Extracted data below:
(* Let $x$ be a sequence of length $n$, let $i\in\{1,\ldots,n-1\}$ and $y=\tau(x,i)$. Suppose $x[i]>x[i+1]$. Then: (1) $\overrightarrow{b_y}=1$; (2) $\overleftarrow{b_y}=0$ if $\overleftarrow{a_x}=0$, and $\overleftarrow{b_y}=\overleftarrow{a_x}+1$ otherwise; (3) $\overrightarrow{a_y}=0$ if $\overrightarrow{b_x}=0$, and $\overrightarrow{a_y}=\overrightarrow{b_x}-1$ otherwise; (4) $\overleftarrow{a_y}\le n-i-1$ if $\overleftarrow{a_x}=0$, and $\overleftarrow{a_y}\le\overleftarrow{a_x}$ otherwise.
   Context: Sequences are finite sequences of pairwise distinct integers indexed from $1$. For $1\le i\le n-1$, $\tau(x,i)$ is the sequence obtained from $x$ by exchanging $x[i]$ and $x[i+1]$. The parent-distance table of $x$ is $\overrightarrow{PD}_x[k]=k-\max\{j<k : x[j]<x[k]\}$ if such $j$ exists and $0$ otherwise; the reverse parent-distance table is $\overleftarrow{PD}_x[k]=\min\{j : k<j\le n,\ x[j]<x[k]\}-k$ if such $j$ exists and $0$ otherwise. Notation (for $z\in\{x,y\}$): $\overrightarrow{a_z}=\overrightarrow{PD}_z[i]$, $\overrightarrow{b_z}=\overrightarrow{PD}_z[i+1]$, $\overleftarrow{a_z}=\overleftarrow{PD}_z[i+1]$, $\overleftarrow{b_z}=\overleftarrow{PD}_z[i]$ (in the reverse tables, $a$ refers to position $i+1$ and $b$ to position $i$). *)

theory Defs
  imports Main
begin

text \<open>Sequences are lists of pairwise distinct integers, indexed from 1:
  the k-th entry x[k] is  nth1 x k = x ! (k - 1).\<close>

definition nth1 :: "int list \<Rightarrow> nat \<Rightarrow> int" where
  "nth1 x k = x ! (k - 1)"

text \<open>tau x i: exchange x[i] and x[i+1] (1-based).\<close>
definition tau :: "int list \<Rightarrow> nat \<Rightarrow> int list" where
  "tau x i = (x[i - 1 := nth1 x (i + 1)])[i := nth1 x i]"

definition PD :: "int list \<Rightarrow> nat \<Rightarrow> nat" where
  "PD x k = (if \<exists>j. 1 \<le> j \<and> j < k \<and> nth1 x j < nth1 x k
             then k - Max {j. 1 \<le> j \<and> j < k \<and> nth1 x j < nth1 x k}
             else 0)"

definition RPD :: "int list \<Rightarrow> nat \<Rightarrow> nat" where
  "RPD x k = (if \<exists>j. k < j \<and> j \<le> length x \<and> nth1 x j < nth1 x k
              then Min {j. k < j \<and> j \<le> length x \<and> nth1 x j < nth1 x k} - k
              else 0)"

end

theory Submission
  imports Defs
begin

text \<open>Exchanging x[i] > x[i+1] moves the smaller value x[i+1] one step to the left without
  changing the set of smaller entries on either side of it, since x[i] belongs to neither; its
  two parent distances are read off the extrema of these sets and so change by exactly one,
  which gives (2) and (3). (1) holds because the new left neighbour of x[i] is x[i+1], and (4)
  because after moving right x[i] still has every entry smaller than x[i+1] to its right.\<close>

definition smaller_left :: "int list \<Rightarrow> nat \<Rightarrow> nat set" where
  "smaller_left x k = {j. 1 \<le> j \<and> j < k \<and> nth1 x j < nth1 x k}"

definition smaller_right :: "int list \<Rightarrow> nat \<Rightarrow> nat set" where
  "smaller_right x k = {j. k < j \<and> j \<le> length x \<and> nth1 x j < nth1 x k}"

lemma finite_smaller_left: "finite (smaller_left x k)"
  unfolding smaller_left_def by (rule finite_subset[of _ "{..<k}"]) auto

lemma finite_smaller_right: "finite (smaller_right x k)"
  unfolding smaller_right_def by (rule finite_subset[of _ "{..length x}"]) auto

lemma PD_eq_Max_smaller_left:
  "PD x k = (if smaller_left x k = {} then 0 else k - Max (smaller_left x k))"
  unfolding PD_def smaller_left_def by auto

lemma RPD_eq_Min_smaller_right:
  "RPD x k = (if smaller_right x k = {} then 0 else Min (smaller_right x k) - k)"
  unfolding RPD_def smaller_right_def by auto

lemma RPD_le_length_minus: "RPD x k \<le> length x - k"
proof (cases "smaller_right x k = {}")
  case False
  then have "Min (smaller_right x k) \<in> smaller_right x k"
    using finite_smaller_right by (rule Min_in[rotated])
  then have "Min (smaller_right x k) \<le> length x" by (simp add: smaller_right_def)
  then show ?thesis using False by (simp add: RPD_eq_Min_smaller_right diff_le_mono)
qed (simp add: RPD_eq_Min_smaller_right)

lemma RPD_mono_smaller_right:
  assumes "smaller_right x k \<subseteq> smaller_right y k" and "smaller_right x k \<noteq> {}"
  shows "RPD y k \<le> RPD x k"
proof -
  have "smaller_right y k \<noteq> {}" using assms by blast
  moreover have "Min (smaller_right y k) \<le> Min (smaller_right x k)"
    using assms finite_smaller_right by (intro Min_antimono)
  ultimately show ?thesis using assms(2) by (simp add: RPD_eq_Min_smaller_right)
qed

lemma PD_Suc_eq_1:
  assumes "1 \<le> i" and "nth1 x i < nth1 x (i + 1)"
  shows "PD x (i + 1) = 1"
proof -
  have i_in: "i \<in> smaller_left x (i + 1)"
    using assms by (simp add: smaller_left_def)
  then have "Max (smaller_left x (i + 1)) = i"
    using finite_smaller_left by (intro Max_eqI) (auto simp: smaller_left_def)
  with i_in show ?thesis by (auto simp: PD_eq_Max_smaller_left)
qed

lemma PD_eq_PD_Suc_minus_1:
  assumes "smaller_left y i = smaller_left x (i + 1)"
  shows "PD y i = (if PD x (i + 1) = 0 then 0 else PD x (i + 1) - 1)"
proof (cases "smaller_left x (i + 1) = {}")
  case False
  then have "Max (smaller_left x (i + 1)) \<in> smaller_left y i"
    using assms finite_smaller_left by simp
  then have "Max (smaller_left x (i + 1)) < i" by (simp add: smaller_left_def)
  then show ?thesis using assms False by (simp add: PD_eq_Max_smaller_left)
qed (use assms in \<open>simp add: PD_eq_Max_smaller_left\<close>)

lemma RPD_eq_RPD_Suc_plus_1:
  assumes "smaller_right y i = smaller_right x (i + 1)"
  shows "RPD y i = (if RPD x (i + 1) = 0 then 0 else RPD x (i + 1) + 1)"
proof (cases "smaller_right x (i + 1) = {}")
  case False
  then have "Min (smaller_right x (i + 1)) \<in> smaller_right x (i + 1)"
    using finite_smaller_right by simp
  then have "i + 1 < Min (smaller_right x (i + 1))" by (simp add: smaller_right_def)
  then show ?thesis using assms False by (simp add: RPD_eq_Min_smaller_right)
qed (use assms in \<open>simp add: RPD_eq_Min_smaller_right\<close>)

lemma length_tau [simp]: "length (tau x i) = length x"
  by (simp add: tau_def)

lemma nth1_tau:
  assumes "1 \<le> i" "i < length x" "1 \<le> k" "k \<le> length x"
  shows "nth1 (tau x i) k =
    (if k = i then nth1 x (i + 1) else if k = i + 1 then nth1 x i else nth1 x k)"
  using assms unfolding tau_def nth1_def by (auto simp: nth_list_update)

context
  fixes x :: "int list" and i :: nat
  assumes i_range: "1 \<le> i" "i < length x"
    and descent: "nth1 x (i + 1) < nth1 x i"
begin

lemma nth1_tau_at: "nth1 (tau x i) i = nth1 x (i + 1)" "nth1 (tau x i) (i + 1) = nth1 x i"
  using nth1_tau[OF i_range] i_range by auto

lemma smaller_left_tau: "smaller_left (tau x i) i = smaller_left x (i + 1)"
  using nth1_tau[OF i_range] nth1_tau_at i_range descent
  by (auto simp: smaller_left_def less_Suc_eq)

lemma smaller_right_tau: "smaller_right (tau x i) i = smaller_right x (i + 1)"
proof (intro set_eqI iffI)
  fix j assume "j \<in> smaller_right (tau x i) i"
  then have j: "i < j" "j \<le> length x" "nth1 (tau x i) j < nth1 x (i + 1)"
    by (auto simp: smaller_right_def nth1_tau_at)
  then have "j \<noteq> i + 1" using nth1_tau_at descent by auto
  with j show "j \<in> smaller_right x (i + 1)"
    using nth1_tau[OF i_range] by (auto simp: smaller_right_def)
qed (use nth1_tau[OF i_range] nth1_tau_at in \<open>auto simp: smaller_right_def\<close>)

lemma smaller_right_subset_tau: "smaller_right x (i + 1) \<subseteq> smaller_right (tau x i) (i + 1)"
  using nth1_tau[OF i_range] nth1_tau_at descent by (auto simp: smaller_right_def)

end

theorem lemma2:
  fixes x :: "int list" and n i :: nat
  assumes "distinct x" and "length x = n"
    and "1 \<le> i" and "i \<le> n - 1"
    and "nth1 x i > nth1 x (i + 1)"
  defines "y \<equiv> tau x i"
  shows "PD y (i + 1) = 1
    \<and> RPD y i = (if RPD x (i + 1) = 0 then 0 else RPD x (i + 1) + 1)
    \<and> PD y i = (if PD x (i + 1) = 0 then 0 else PD x (i + 1) - 1)
    \<and> (if RPD x (i + 1) = 0 then RPD y (i + 1) \<le> n - i - 1
          else RPD y (i + 1) \<le> RPD x (i + 1))"
proof -
  have range: "1 \<le> i" "i < length x" using assms(2-4) by auto
  note descent = assms(5)
  have "PD y (i + 1) = 1"
    using PD_Suc_eq_1 range descent nth1_tau_at unfolding y_def by simp
  moreover have "RPD y i = (if RPD x (i + 1) = 0 then 0 else RPD x (i + 1) + 1)"
    using RPD_eq_RPD_Suc_plus_1 smaller_right_tau[OF range descent] unfolding y_def by blast
  moreover have "PD y i = (if PD x (i + 1) = 0 then 0 else PD x (i + 1) - 1)"
    using PD_eq_PD_Suc_minus_1 smaller_left_tau[OF range descent] unfolding y_def by blast
  moreover have "RPD y (i + 1) \<le> n - i - 1"
    using RPD_le_length_minus[of y "i + 1"] assms(2) by (simp add: y_def)
  moreover have "RPD y (i + 1) \<le> RPD x (i + 1)" if "RPD x (i + 1) \<noteq> 0"
  proof -
    have "smaller_right x (i + 1) \<noteq> {}"
      using that by (auto simp: RPD_eq_Min_smaller_right)
    then show ?thesis
      using RPD_mono_smaller_right smaller_right_subset_tau[OF range descent] y_def by blast
  qed
  ultimately show ?thesis by simp
qed

end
End of Extracted data.
**What to produce**
Give an exact reproduction of the lines from the one with "assms(2-4) by auto" to the final line of the entries, including both.

**Solution**
  have range: "1 \<le> i" "i < length x" using assms(2-4) by auto
  note descent = assms(5)
  have "PD y (i + 1) = 1"
    using PD_Suc_eq_1 range descent nth1_tau_at unfolding y_def by simp
  moreover have "RPD y i = (if RPD x (i + 1) = 0 then 0 else RPD x (i + 1) + 1)"
    using RPD_eq_RPD_Suc_plus_1 smaller_right_tau[OF range descent] unfolding y_def by blast
  moreover have "PD y i = (if PD x (i + 1) = 0 then 0 else PD x (i + 1) - 1)"
    using PD_eq_PD_Suc_minus_1 smaller_left_tau[OF range descent] unfolding y_def by blast
  moreover have "RPD y (i + 1) \<le> n - i - 1"
    using RPD_le_length_minus[of y "i + 1"] assms(2) by (simp add: y_def)
  moreover have "RPD y (i + 1) \<le> RPD x (i + 1)" if "RPD x (i + 1) \<noteq> 0"
  proof -
    have "smaller_right x (i + 1) \<noteq> {}"
      using that by (auto simp: RPD_eq_Min_smaller_right)
    then show ?thesis
      using RPD_mono_smaller_right smaller_right_subset_tau[OF range descent] y_def by blast
  qed
  ultimately show ?thesis by simp
qed

end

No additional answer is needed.